Benedictine College nuns denounce Harrison Butker's speech at their school

John Helton

what do nurses research

Kansas City Chiefs kicker Harrison Butker speaks to the media during NFL football Super Bowl 58 opening night on Feb. 5, 2024, in Las Vegas. Butker railed against Pride month along with President Biden's leadership during the COVID-19 pandemic and his stance on abortion during a commencement address at Benedictine College last weekend. Charlie Riedel/AP hide caption

Kansas City Chiefs kicker Harrison Butker speaks to the media during NFL football Super Bowl 58 opening night on Feb. 5, 2024, in Las Vegas. Butker railed against Pride month along with President Biden's leadership during the COVID-19 pandemic and his stance on abortion during a commencement address at Benedictine College last weekend.

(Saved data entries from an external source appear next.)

(* Let $K$ be a field, $\kappa$ an infinite cardinal, $\mathcal R=(R_\alpha\mid\alpha<\kappa)$ a sequence of $K$-algebras, $P=\prod_{\alpha<\kappa}R_\alpha$ and $I=\bigoplus_{\alpha<\kappa}R_\alpha$. Let $R$ be a $K$-algebra containing an ideal $J$ which is isomorphic to $I$ as a $K$-algebra without unit, and assume there is a $K$-algebra isomorphism $R/J\cong K$. Then the $K$-algebras $R$ and $R(\kappa,K,\mathcal R)$ are isomorphic.
   Context: $R(\kappa,K,\mathcal R)$ denotes the $K$-subalgebra $I\oplus 1_P\cdot K$ of $P=\prod_{\alpha<\kappa}R_\alpha$, where $I=\bigoplus_{\alpha<\kappa}R_\alpha$. *)

theory Defs
  imports "HOL-Algebra.Algebra" "HOL-Library.FuncSet"
begin

definition k_algebra :: "('k, 'm) ring_scheme \<Rightarrow> ('k, 'a) module \<Rightarrow> bool" where
  "k_algebra K M \<longleftrightarrow> field K \<and> ring M \<and> module K M \<and>
     (\<forall>a\<in>carrier K. \<forall>x\<in>carrier M. \<forall>y\<in>carrier M.
        (a \<odot>\<^bsub>M\<^esub> x) \<otimes>\<^bsub>M\<^esub> y = a \<odot>\<^bsub>M\<^esub> (x \<otimes>\<^bsub>M\<^esub> y) \<and>
        x \<otimes>\<^bsub>M\<^esub> (a \<odot>\<^bsub>M\<^esub> y) = a \<odot>\<^bsub>M\<^esub> (x \<otimes>\<^bsub>M\<^esub> y))"

definition alg_iso :: "('k, 'm) ring_scheme \<Rightarrow> ('k, 'a) module \<Rightarrow> ('k, 'b) module \<Rightarrow> ('a \<Rightarrow> 'b) set" where
  "alg_iso K M N = {h. h \<in> ring_iso M N \<and>
     (\<forall>a\<in>carrier K. \<forall>x\<in>carrier M. h (a \<odot>\<^bsub>M\<^esub> x) = a \<odot>\<^bsub>N\<^esub> h x)}"

text \<open>Isomorphism of K-algebras without unit between subsets S of M and T of N
  (each carrying the operations of the ambient algebra).\<close>
definition nonunital_alg_iso ::
  "('k, 'm) ring_scheme \<Rightarrow> ('k, 'a) module \<Rightarrow> 'a set \<Rightarrow> ('k, 'b) module \<Rightarrow> 'b set \<Rightarrow> ('a \<Rightarrow> 'b) set" where
  "nonunital_alg_iso K M S N T = {h. bij_betw h S T \<and>
     (\<forall>x\<in>S. \<forall>y\<in>S. h (x \<oplus>\<^bsub>M\<^esub> y) = h x \<oplus>\<^bsub>N\<^esub> h y \<and>
                   h (x \<otimes>\<^bsub>M\<^esub> y) = h x \<otimes>\<^bsub>N\<^esub> h y) \<and>
     (\<forall>a\<in>carrier K. \<forall>x\<in>S. h (a \<odot>\<^bsub>M\<^esub> x) = a \<odot>\<^bsub>N\<^esub> h x)}"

An order of nuns affiliated with Benedictine College rejected Kansas City Chiefs kicker Harrison's Butker's comments in a commencement speech there last weekend that stirred up a culture war skirmish.

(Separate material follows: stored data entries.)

(* Let $\mathscr{A}=\{A_1,\ldots,A_r\}$ be an irreducible set of real $d\times d$ matrices, $\|\cdot\|$ a norm on $\mathbb{R}^d$, and $p\ge d-1$ an integer. Suppose that for some nonzero $x_*\in\mathbb{R}^d$, some word $F\in\mathscr{A}_\infty$ and some $\nu>0$ we have $\|Fx_*\|\ge \nu\|x_*\|$. Then for every nonzero $x\in\mathbb{R}^d$ there is a word $G\in\mathscr{A}_p$ such that $F_x=FG\in\mathscr{A}_\infty$ satisfies $\mathrm{len}(F)\le\mathrm{len}(F_x)\le\mathrm{len}(F)+p$ and \[ \|F_x x\|\ge \nu\,\chi_p(\mathscr{A})\,\|x\|. \]
   Context: Irreducible: the matrices in $\mathscr{A}$ have no common invariant subspace other than $\{0\}$ and $\mathbb{R}^d$. $\mathscr{A}^k$ is the set of products of $k$ matrices from $\mathscr{A}$, $\mathscr{A}^0=\{I\}$. $\mathscr{A}_\infty=\bigcup_{k\ge1}\mathscr{A}^k$; elements are regarded as products $A_{i_q}\cdots A_{i_1}$ of factors from $\mathscr{A}$, and the number $q$ of factors is the length $\mathrm{len}$ (the identity $I\in\mathscr{A}^0$ has length $0$). $\mathscr{A}_p=\bigcup_{k=0}^p\mathscr{A}^k$, $\mathscr{A}_p(x)=\{Ax: A\in\mathscr{A}_p\}$. $\mathbf{S}(t)$ is the closed ball of radius $t$ about $0$ in $\|\cdot\|$. The $p$-measure of irreducibility is $\chi_p(\mathscr{A})=\inf_{\|x\|=1}\sup\{t\ge0:\mathbf{S}(t)\subseteq\mathrm{conv}(\mathscr{A}_p(x)\cup\mathscr{A}_p(-x))\}$. *)

theory Defs
  imports "HOL-Analysis.Analysis"
begin

definition is_norm :: "(real^'n \<Rightarrow> real) \<Rightarrow> bool" where
  "is_norm N \<longleftrightarrow> (\<forall>x y. N (x + y) \<le> N x + N y) \<and> (\<forall>c x. N (c *\<^sub>R x) = \<bar>c\<bar> * N x)
     \<and> (\<forall>x. N x = 0 \<longleftrightarrow> x = 0)"

definition irreducible_set :: "(real^'n^'n) set \<Rightarrow> bool" where
  "irreducible_set \<A> \<longleftrightarrow> (\<forall>V. subspace V \<and> (\<forall>A\<in>\<A>. \<forall>v\<in>V. A *v v \<in> V) \<longrightarrow> V = {0} \<or> V = UNIV)"

text \<open>A word [A_iq, ..., A_i1] denotes the product A_iq ** ... ** A_i1; its length is the
  length of the list; the empty word is the identity.\<close>
definition word_prod :: "(real^'n^'n) list \<Rightarrow> real^'n^'n" where
  "word_prod ws = foldr (**) ws (mat 1)"

definition orbit_p :: "(real^'n^'n) set \<Rightarrow> nat \<Rightarrow> real^'n \<Rightarrow> (real^'n) set" where
  "orbit_p \<A> p x = {word_prod ws *v x | ws. set ws \<subseteq> \<A> \<and> length ws \<le> p}"

definition Sball :: "(real^'n \<Rightarrow> real) \<Rightarrow> real \<Rightarrow> (real^'n) set" where
  "Sball N t = {y. N y \<le> t}"

definition chi_p :: "(real^'n \<Rightarrow> real) \<Rightarrow> (real^'n^'n) set \<Rightarrow> nat \<Rightarrow> real" where
  "chi_p N \<A> p = (INF x\<in>{x. N x = 1}.
      Sup {t. t \<ge> 0 \<and> Sball N t \<subseteq> convex hull (orbit_p \<A> p x \<union> orbit_p \<A> p (- x))})"

end

theory Submission
  imports Defs
begin

text \<open>
  Write B for the matrix of the word F and fix a nonzero x; normalise it to
  y = x / N x.  For every admissible radius t of y (a t \<ge> 0 with S(t) inside the convex hull
  of A_p(y) \<union> A_p(-y)) pick u = (t / N xs) xs, a vector of norm t.  Since y \<mapsto> N (B y) is
  convex and even, the bound N (B u) \<le> max over words G \<in> A_p of N (B G y) follows from u
  lying in that convex hull.  On the other hand N (B u) \<ge> \<nu> t by the hypothesis on xs.
  Taking the supremum over t and using chi_p \<le> sup of the admissible radii of the unit
  vector y gives \<nu> chi_p \<le> N (B G y) for a maximising word G, and scaling back by N x
  gives the claim for F_x = F G.
\<close>

lemma is_norm_scale: "is_norm N \<Longrightarrow> N (c *\<^sub>R x) = \<bar>c\<bar> * N x"
  unfolding is_norm_def by blast

lemma is_norm_minus: "is_norm N \<Longrightarrow> N (- x) = N x"
  using is_norm_scale[of N "-1" x] by simp

lemma is_norm_nonneg:
  assumes "is_norm N" shows "N x \<ge> 0"
proof -
  have "0 = N (x + (- x))" using assms unfolding is_norm_def by simp
  also have "\<dots> \<le> N x + N (- x)" using assms unfolding is_norm_def by blast
  finally show ?thesis using is_norm_minus[OF assms] by simp
qed

lemma is_norm_pos: "is_norm N \<Longrightarrow> x \<noteq> 0 \<Longrightarrow> N x > 0"
  using is_norm_nonneg[of N x] unfolding is_norm_def by (metis less_eq_real_def)

lemma is_norm_rescale:
  assumes "is_norm N" "v \<noteq> 0" "t \<ge> 0"
  shows "N ((t / N v) *\<^sub>R v) = t"
  using assms is_norm_pos[OF assms(1,2)] by (simp add: is_norm_scale)

lemma convex_norm_sublevel:
  assumes "is_norm N"
  shows "convex {u. N (B *v u) \<le> c}"
  unfolding convex_def
proof clarify
  fix x y and a b :: real
  assume h: "N (B *v x) \<le> c" "N (B *v y) \<le> c" "0 \<le> a" "0 \<le> b" "a + b = 1"
  have "B *v (a *\<^sub>R x + b *\<^sub>R y) = a *\<^sub>R (B *v x) + b *\<^sub>R (B *v y)"
    by (simp add: matrix_vector_right_distrib matrix_vector_mult_scaleR)
  hence "N (B *v (a *\<^sub>R x + b *\<^sub>R y)) \<le> N (a *\<^sub>R (B *v x)) + N (b *\<^sub>R (B *v y))"
    using assms unfolding is_norm_def by metis
  also have "\<dots> = a * N (B *v x) + b * N (B *v y)"
    using h by (simp add: is_norm_scale[OF assms])
  also have "\<dots> \<le> a * c + b * c" using h by (intro add_mono mult_left_mono) auto
  also have "\<dots> = c" using h by (metis distrib_right mult_1)
  finally show "N (B *v (a *\<^sub>R x + b *\<^sub>R y)) \<le> c" .
qed

definition words :: "(real^'n^'n) set \<Rightarrow> nat \<Rightarrow> (real^'n^'n) list set" where
  "words \<A> p = {ws. set ws \<subseteq> \<A> \<and> length ws \<le> p}"

lemma finite_words: "finite \<A> \<Longrightarrow> finite (words \<A> p)"
  unfolding words_def by (rule finite_lists_length_le)

lemma Nil_in_words: "[] \<in> words \<A> p"
  unfolding words_def by simp

lemma word_prod_append: "word_prod (F @ G) = word_prod F ** word_prod G"
  unfolding word_prod_def by (induction F) (auto simp: matrix_mul_assoc)

lemma orbit_p_self: "z \<in> orbit_p \<A> p z"
  unfolding orbit_p_def by (rule CollectI, rule exI[of _ "[]"]) (simp add: word_prod_def)

definition max_gain ::
    "(real^'n \<Rightarrow> real) \<Rightarrow> (real^'n^'n) set \<Rightarrow> nat \<Rightarrow> real^'n^'n \<Rightarrow> real^'n \<Rightarrow> real" where
  "max_gain N \<A> p B z = Max ((\<lambda>G. N (B *v (word_prod G *v z))) ` words \<A> p)"

lemma max_gain_attained:
  assumes "finite \<A>"
  obtains G where "G \<in> words \<A> p" "N (B *v (word_prod G *v z)) = max_gain N \<A> p B z"
proof -
  have "max_gain N \<A> p B z \<in> (\<lambda>G. N (B *v (word_prod G *v z))) ` words \<A> p"
    unfolding max_gain_def using finite_words[OF assms] Nil_in_words by (intro Max_in) blast+
  thus ?thesis using that by auto
qed

text \<open>Since N \<circ> B is convex and even, its maximum over conv(\<A>_p(z) \<union> \<A>_p(-z)) is
  attained at a point B G z of the orbit of z itself.\<close>
lemma hull_orbit_bound:
  assumes "is_norm N" "finite \<A>"
    and "u \<in> convex hull (orbit_p \<A> p z \<union> orbit_p \<A> p (- z))"
  shows "N (B *v u) \<le> max_gain N \<A> p B z"
proof -
  let ?M = "max_gain N \<A> p B z"
  have "N (B *v k) \<le> ?M" if k_orbit: "k \<in> orbit_p \<A> p z \<union> orbit_p \<A> p (- z)" for k
  proof -
    obtain G where G: "set G \<subseteq> \<A>" "length G \<le> p"
      and k: "k = word_prod G *v z \<or> k = word_prod G *v (- z)"
      using k_orbit unfolding orbit_p_def by auto
    have "B *v (word_prod G *v (- z)) = - (B *v (word_prod G *v z))"
      by (metis matrix_vector_mult_scaleR scaleR_minus1_left)
    hence "N (B *v k) = N (B *v (word_prod G *v z))"
      using k is_norm_minus[OF assms(1)] by auto
    also have "\<dots> \<le> ?M"
      unfolding max_gain_def using finite_words[OF assms(2)] G by (intro Max_ge) (auto simp: words_def)
    finally show ?thesis .
  qed
  hence "convex hull (orbit_p \<A> p z \<union> orbit_p \<A> p (- z)) \<subseteq> {u. N (B *v u) \<le> ?M}"
    by (intro hull_minimal convex_norm_sublevel[OF assms(1)]) auto
  thus ?thesis using assms(3) by auto
qed

definition radii :: "(real^'n \<Rightarrow> real) \<Rightarrow> (real^'n^'n) set \<Rightarrow> nat \<Rightarrow> real^'n \<Rightarrow> real set" where
  "radii N \<A> p z = {t. t \<ge> 0 \<and> Sball N t \<subseteq> convex hull (orbit_p \<A> p z \<union> orbit_p \<A> p (- z))}"

lemma chi_p_def': "chi_p N \<A> p = (INF z\<in>{z. N z = 1}. Sup (radii N \<A> p z))"
  unfolding chi_p_def radii_def ..

lemma radius_bound:
  assumes "is_norm N" "finite \<A>" "t \<in> radii N \<A> p z" "N u = t"
  shows "N (B *v u) \<le> max_gain N \<A> p B z"
  using assms by (intro hull_orbit_bound) (auto simp: radii_def Sball_def)

lemma zero_in_radii:
  assumes "is_norm N" shows "0 \<in> radii N \<A> p z"
proof -
  have "Sball N 0 = {0}"
    using is_norm_nonneg[OF assms] assms unfolding Sball_def is_norm_def
    by (auto, metis order.antisym, metis order.refl)
  moreover have "z \<in> convex hull (orbit_p \<A> p z \<union> orbit_p \<A> p (- z))"
    "- z \<in> convex hull (orbit_p \<A> p z \<union> orbit_p \<A> p (- z))"
    by (auto intro: hull_subset[THEN subsetD] orbit_p_self)
  hence "(1/2) *\<^sub>R z + (1/2) *\<^sub>R (- z) \<in> convex hull (orbit_p \<A> p z \<union> orbit_p \<A> p (- z))"
    by (intro convexD[OF convex_convex_hull]) auto
  ultimately show ?thesis unfolding radii_def by simp
qed

lemma bdd_above_radii:
  fixes z :: "real^'n"
  assumes "is_norm N" "finite \<A>"
  shows "bdd_above (radii N \<A> p z)"
proof
  fix t assume t: "t \<in> radii N \<A> p z"
  let ?v = "axis undefined 1 :: real^'n"
  have "?v \<noteq> 0" by (simp add: axis_eq_0_iff)
  hence "N ((t / N ?v) *\<^sub>R ?v) = t"
    using t assms(1) by (intro is_norm_rescale) (auto simp: radii_def)
  moreover from this have "N (mat 1 *v ((t / N ?v) *\<^sub>R ?v)) \<le> max_gain N \<A> p (mat 1) z"
    by (rule radius_bound[OF assms t])
  ultimately show "t \<le> max_gain N \<A> p (mat 1) z" by simp
qed

lemma chi_p_le_Sup_radii:
  assumes "is_norm N" "finite \<A>" "N y = 1"
  shows "chi_p N \<A> p \<le> Sup (radii N \<A> p y)"
proof -
  have "Sup (radii N \<A> p z) \<ge> 0" for z
    using zero_in_radii[OF assms(1)] bdd_above_radii[OF assms(1,2)] by (rule cSup_upper)
  thus ?thesis
    unfolding chi_p_def' using assms(3) by (intro cINF_lower bdd_belowI2[where m=0]) auto
qed

lemma expansion_bound:
  assumes "is_norm N" "finite \<A>" "v \<noteq> 0" "\<nu> > 0" "N (B *v v) \<ge> \<nu> * N v"
  shows "\<nu> * Sup (radii N \<A> p z) \<le> max_gain N \<A> p B z"
proof -
  let ?M = "max_gain N \<A> p B z"
  have Nv: "N v > 0" using is_norm_pos[OF assms(1,3)] .
  have "\<nu> * t \<le> ?M" if t: "t \<in> radii N \<A> p z" for t
  proof -
    have t0: "t \<ge> 0" using t by (simp add: radii_def)
    have "\<nu> * t = (t / N v) * (\<nu> * N v)" using Nv by simp
    also have "\<dots> \<le> (t / N v) * N (B *v v)"
      using t0 Nv assms(5) by (intro mult_left_mono) auto
    also have "\<dots> = N (B *v ((t / N v) *\<^sub>R v))"
      using t0 Nv by (simp add: is_norm_scale[OF assms(1)] matrix_vector_mult_scaleR)
    also have "\<dots> \<le> ?M"
      using radius_bound[OF assms(1,2) t] is_norm_rescale[OF assms(1,3) t0] by blast
    finally show ?thesis .
  qed
  hence "Sup (radii N \<A> p z) \<le> ?M / \<nu>"
    using zero_in_radii[OF assms(1), of \<A> p z] assms(4)
    by (intro cSup_least) (auto simp: field_simps)
  thus ?thesis using assms(4) by (simp add: field_simps)
qed

theorem lemma2:
  fixes \<A> :: "(real^'n^'n) set" and N :: "real^'n \<Rightarrow> real" and p :: nat
    and xs :: "real^'n" and F :: "(real^'n^'n) list" and \<nu> :: real
  assumes "finite \<A>" and "irreducible_set \<A>" and "is_norm N"
    and "p \<ge> CARD('n) - 1"
    and "xs \<noteq> 0" and "set F \<subseteq> \<A>" and "length F \<ge> 1" and "\<nu> > 0"
    and "N (word_prod F *v xs) \<ge> \<nu> * N xs"
  shows "\<forall>x. x \<noteq> 0 \<longrightarrow> (\<exists>G. set G \<subseteq> \<A> \<and> length G \<le> p \<and>
           length F \<le> length (F @ G) \<and> length (F @ G) \<le> length F + p \<and>
           N (word_prod (F @ G) *v x) \<ge> \<nu> * chi_p N \<A> p * N x)"
proof (intro allI impI)
  fix x :: "real^'n" assume "x \<noteq> 0"
  define y where "y = (1 / N x) *\<^sub>R x"
  have Nx: "N x > 0" using is_norm_pos[OF assms(3) \<open>x \<noteq> 0\<close>] .
  have Ny: "N y = 1" using Nx by (simp add: y_def is_norm_scale[OF assms(3)])
  obtain G where G: "G \<in> words \<A> p"
    and gain: "N (word_prod F *v (word_prod G *v y)) = max_gain N \<A> p (word_prod F) y"
    using max_gain_attained[OF assms(1)] .
  have "\<nu> * chi_p N \<A> p \<le> \<nu> * Sup (radii N \<A> p y)"
    using chi_p_le_Sup_radii[OF assms(3,1) Ny] assms(8) by simp
  also have "\<dots> \<le> N (word_prod F *v (word_prod G *v y))"
    using expansion_bound[OF assms(3,1,5,8,9)] gain by simp
  finally have "\<nu> * chi_p N \<A> p * N x \<le> N x * N (word_prod F *v (word_prod G *v y))"
    using Nx by (simp add: mult.commute mult_left_mono)
  also have "\<dots> = N (word_prod (F @ G) *v x)"
    using Nx by (simp add: y_def word_prod_append matrix_vector_mul_assoc
        matrix_vector_mult_scaleR is_norm_scale[OF assms(3)])
  finally show "\<exists>G. set G \<subseteq> \<A> \<and> length G \<le> p \<and>
           length F \<le> length (F @ G) \<and> length (F @ G) \<le> length F + p \<and>
           N (word_prod (F @ G) *v x) \<ge> \<nu> * chi_p N \<A> p * N x"
    using G by (auto simp: words_def)
qed

end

"The sisters of Mount St. Scholastica do not believe that Harrison Butker's comments in his 2024 Benedictine College commencement address represent the Catholic, Benedictine, liberal arts college that our founders envisioned and in which we have been so invested," the nuns wrote in a statement posted on Facebook .

In his 20-minute address , Butker denounced abortion rights, Pride Month, COVID-19 lockdowns and "the tyranny of diversity, equity and inclusion" at the Catholic liberal arts college in Atchison, Kan.

He also told women in the audience to embrace the "vocation" of homemaker.

"I want to speak directly to you briefly because I think it is you, the women, who have had the most diabolical lies told to you. How many of you are sitting here now about to cross the stage, and are thinking about all the promotions and titles you're going to get in your career?" he asked. "Some of you may go on to lead successful careers in the world. But I would venture to guess that the majority of you are most excited about your marriage and the children you will bring into this world."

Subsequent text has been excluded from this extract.